Why did you keep having kids with this guy?!?

I agree, this is no way to live. Figure out an exit plan and just do it.

What a disaster. I wish you the best.


----------



## MWPP731 (Sep 7, 2014)

None of them were planned. the last kid was pure bad luck since I was trying to do everything not to get pregnant. But I do love my kids and dont regret them at all, but now I can't keep doing this crap


----------



## GuyInColorado (Dec 26, 2015)

I get it. I have two kids under 6 and I'm in the middle of a divorce. Wouldn't change them for the world. But you have to look out for yourself. For me, it took getting my family's support. My friend's tried to convince me to work it out, marriage was for until death do us part... screw that. I'm not wasting my life away and having regret! But in the end, I had to take care of myself. I started eating healthy and working out. Cleared my mind. Walking out is the hardest part. Took me multiple times to finally get the courage to do it. But these past 3 months have been great, I can see myself living a happy life now. 

You'll get some great advice from the regulars as the day goes on, you found a great community.


----------



## Diesel_Bomber (Mar 17, 2013)

Your dealing with a textbook narcissist. There's only one way to fix it, and it involves attorneys if you wanna fix your life and be happy. 

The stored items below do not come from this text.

(* Let $M$ be a monoid of binary relations on a finite set $Q$ and let $e,e'\in M$ be $\mathcal D$-equivalent idempotents. Then the permutation groups $G_e$ and $G_{e'}$ are equivalent.
   Context: Monoid of relations: set of relations on $Q$ containing the identity and closed under composition $mn=\{(p,q)\mid\exists r,(p,r)\in m,(r,q)\in n\}$. $\mathcal D$ is Green's relation $\mathcal L\mathcal R=\mathcal R\mathcal L$ in $M$. For an idempotent $e$, $H(e)$ is its $\mathcal H$-class (a group with identity $e$, inverses denoted $m^{-1}$), $\Gamma_e$ is the set of strongly connected components of the restriction of $e$ to its fixed points $\{q\mid (q,q)\in e\}$, and for $m\in H(e)$, $\gamma_e(m)=\{(\rho,\sigma)\in\Gamma_e^2\mid (r,s)\in m,(s,r)\in m^{-1}\text{ for some }r\in\rho,s\in\sigma\}$; $\gamma_e$ is an injective morphism into permutations of $\Gamma_e$, and $G_e=\gamma_e(H(e))$, a permutation group on $\Gamma_e$. Two permutation groups $G$ on $S$ and $G'$ on $S'$ are equivalent if there are a bijection $\theta:S\to S'$ and a group isomorphism $\alpha:G\to G'$ with $\theta(g(s))=\alpha(g)(\theta(s))$ for all $g\in G$, $s\in S$. *)

theory Defs
  imports Main
begin

text \<open>Relations on Q are sets of pairs; the product m n of the paper is m O n.\<close>

definition rel_monoid :: "'q set \<Rightarrow> ('q \<times> 'q) set set \<Rightarrow> bool" where
  "rel_monoid Q M \<longleftrightarrow> (\<forall>m\<in>M. m \<subseteq> Q \<times> Q) \<and> Id_on Q \<in> M \<and>
     (\<forall>m\<in>M. \<forall>n\<in>M. m O n \<in> M)"

definition greenL :: "('q \<times> 'q) set set \<Rightarrow> ('q \<times> 'q) set \<Rightarrow> ('q \<times> 'q) set \<Rightarrow> bool" where
  "greenL M m n \<longleftrightarrow> m \<in> M \<and> n \<in> M \<and> (\<exists>x\<in>M. m = x O n) \<and> (\<exists>y\<in>M. n = y O m)"

definition greenR :: "('q \<times> 'q) set set \<Rightarrow> ('q \<times> 'q) set \<Rightarrow> ('q \<times> 'q) set \<Rightarrow> bool" where
  "greenR M m n \<longleftrightarrow> m \<in> M \<and> n \<in> M \<and> (\<exists>x\<in>M. m = n O x) \<and> (\<exists>y\<in>M. n = m O y)"

definition greenD :: "('q \<times> 'q) set set \<Rightarrow> ('q \<times> 'q) set \<Rightarrow> ('q \<times> 'q) set \<Rightarrow> bool" where
  "greenD M m n \<longleftrightarrow> (\<exists>k. greenL M m k \<and> greenR M k n)"

definition Hclass :: "('q \<times> 'q) set set \<Rightarrow> ('q \<times> 'q) set \<Rightarrow> ('q \<times> 'q) set set" where
  "Hclass M e = {m. greenL M m e \<and> greenR M m e}"

definition Hinv :: "('q \<times> 'q) set set \<Rightarrow> ('q \<times> 'q) set \<Rightarrow> ('q \<times> 'q) set \<Rightarrow> ('q \<times> 'q) set" where
  "Hinv M e m = (THE m'. m' \<in> Hclass M e \<and> m O m' = e \<and> m' O m = e)"

definition fixpts :: "'q set \<Rightarrow> ('q \<times> 'q) set \<Rightarrow> 'q set" where
  "fixpts Q e = {q \<in> Q. (q, q) \<in> e}"

definition Gamma :: "'q set \<Rightarrow> ('q \<times> 'q) set \<Rightarrow> 'q set set" where
  "Gamma Q e = (let F = fixpts Q e; r = e \<inter> (F \<times> F) in
     {{q \<in> F. (p, q) \<in> r\<^sup>* \<and> (q, p) \<in> r\<^sup>*} | p. p \<in> F})"

definition gamma :: "'q set \<Rightarrow> ('q \<times> 'q) set set \<Rightarrow> ('q \<times> 'q) set \<Rightarrow> ('q \<times> 'q) set
    \<Rightarrow> ('q set \<times> 'q set) set" where
  "gamma Q M e m = {(\<rho>, \<sigma>). \<rho> \<in> Gamma Q e \<and> \<sigma> \<in> Gamma Q e \<and>
     (\<exists>r\<in>\<rho>. \<exists>s\<in>\<sigma>. (r, s) \<in> m \<and> (s, r) \<in> Hinv M e m)}"

definition Ggroup :: "'q set \<Rightarrow> ('q \<times> 'q) set set \<Rightarrow> ('q \<times> 'q) set \<Rightarrow> ('q set \<times> 'q set) set set" where
  "Ggroup Q M e = gamma Q M e ` Hclass M e"

definition rapp :: "('a \<times> 'a) set \<Rightarrow> 'a \<Rightarrow> 'a" where
  "rapp g s = (THE t. (s, t) \<in> g)"

definition perm_group_equiv :: "('a \<times> 'a) set set \<Rightarrow> 'a set \<Rightarrow> ('b \<times> 'b) set set \<Rightarrow> 'b set \<Rightarrow> bool" where
  "perm_group_equiv G S G' S' \<longleftrightarrow> (\<exists>\<theta> \<alpha>. bij_betw \<theta> S S' \<and> bij_betw \<alpha> G G' \<and>
     (\<forall>g\<in>G. \<forall>h\<in>G. \<alpha> (g O h) = \<alpha> g O \<alpha> h) \<and>
     (\<forall>g\<in>G. \<forall>s\<in>S. \<theta> (rapp g s) = rapp (\<alpha> g) (\<theta> s)))"

end

theory Submission
  imports Defs
begin

text \<open>
  If \<open>e\<close> and \<open>e'\<close> are \<open>\<D>\<close>-equivalent idempotents, there are \<open>u, v \<in> M\<close> with
  \<open>u v = e\<close>, \<open>v u = e'\<close>, \<open>u e' = u\<close> and \<open>e' v = v\<close>. Conjugation \<open>h \<mapsto> v h u\<close> is then
  an isomorphism \<open>H(e) \<cong> H(e')\<close>, and linking a component \<open>\<rho>\<close> of \<open>e\<close> to the component
  \<open>\<sigma>\<close> of \<open>e'\<close> that contains some \<open>s\<close> with \<open>(r, s) \<in> u\<close>, \<open>(s, r) \<in> v\<close> for an
  \<open>r \<in> \<rho>\<close> is a well-defined bijection \<open>\<Gamma>\<^sub>e \<rightarrow> \<Gamma>\<^sub>e\<^sub>'\<close>. Since composing such links
  composes the relations, this bijection carries \<open>\<gamma>\<^sub>e(h)\<close> to \<open>\<gamma>\<^sub>e\<^sub>'(v h u)\<close>, which
  is exactly the required equivalence of permutation groups.
\<close>

definition scc :: "('q \<times> 'q) set \<Rightarrow> 'q \<Rightarrow> 'q set" where
  "scc e p = {q. (p, q) \<in> e \<and> (q, p) \<in> e}"

lemma rtrancl_Restr_trans:
  assumes "(p, q) \<in> (Restr e A)\<^sup>*" "trans e"
  shows "p = q \<or> (p, q) \<in> e"
  using assms by (induction rule: rtrancl_induct) (blast dest: transD)+

lemma Gamma_eq_scc:
  assumes "e \<subseteq> Q \<times> Q" "trans e"
  shows "Gamma Q e = {scc e p | p. (p, p) \<in> e}"
proof -
  let ?F = "fixpts Q e"
  have component: "{q \<in> ?F. (p, q) \<in> (e \<inter> ?F \<times> ?F)\<^sup>* \<and> (q, p) \<in> (e \<inter> ?F \<times> ?F)\<^sup>*} = scc e p"
    if "(p, p) \<in> e" for p
    using that assms by (auto simp: scc_def fixpts_def dest: transD rtrancl_Restr_trans)
  show ?thesis
    unfolding Gamma_def Let_def using component assms(1) by (auto simp: fixpts_def)
qed

lemma scc_in_Gamma:
  assumes "e \<subseteq> Q \<times> Q" "trans e" "(p, p) \<in> e"
  shows "scc e p \<in> Gamma Q e"
  using assms by (auto simp: Gamma_eq_scc)

lemma Gamma_memD:
  assumes "e \<subseteq> Q \<times> Q" "trans e" "\<rho> \<in> Gamma Q e" "r \<in> \<rho>"
  shows "\<rho> = scc e r" "(r, r) \<in> e"
  using assms by (auto simp: Gamma_eq_scc scc_def dest: transD)

lemma scc_eq:
  assumes "trans e" "q \<in> scc e p"
  shows "scc e q = scc e p"
  using assms by (auto simp: scc_def dest: transD)

lemma Gamma_mem_nonempty:
  assumes "e \<subseteq> Q \<times> Q" "trans e" "\<rho> \<in> Gamma Q e"
  obtains r where "r \<in> \<rho>"
  using assms by (auto simp: Gamma_eq_scc scc_def)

No one should put up with this bs.


----------



## MWPP731 (Sep 7, 2014)

which is just like my Dad was. My mom stayed till I was 17 (I am the youngest) but I know I can't stay that long. I won't. I feel like I could do it on my own as I do it on my own almost already (other the money wise but I can get a job) My dad was a pastor and a porn addict. I won't do what she did. but I just don't even know where to start. I've been playing fake for so long so not to anger him, i really think he is bipolar like his mom sometimes, so I don't even think he realizes how unhappy I am.


----------



## Lostme (Nov 14, 2014)

Do you work outside of the home, so that you can provide for yourself? If not getting a job would be the first step.


----------



## MWPP731 (Sep 7, 2014)

no. but I'm working on it. my brothers wife is helping me get all that figured out


----------



## DanielleBennett (Oct 9, 2015)

MWPP731 said:


> no. but I'm working on it. my brothers wife is helping me get all that figured out


It's good that you are getting everything together so you can leave. I'm really sorry that things didn't work out for you, but please update us when you can.


----------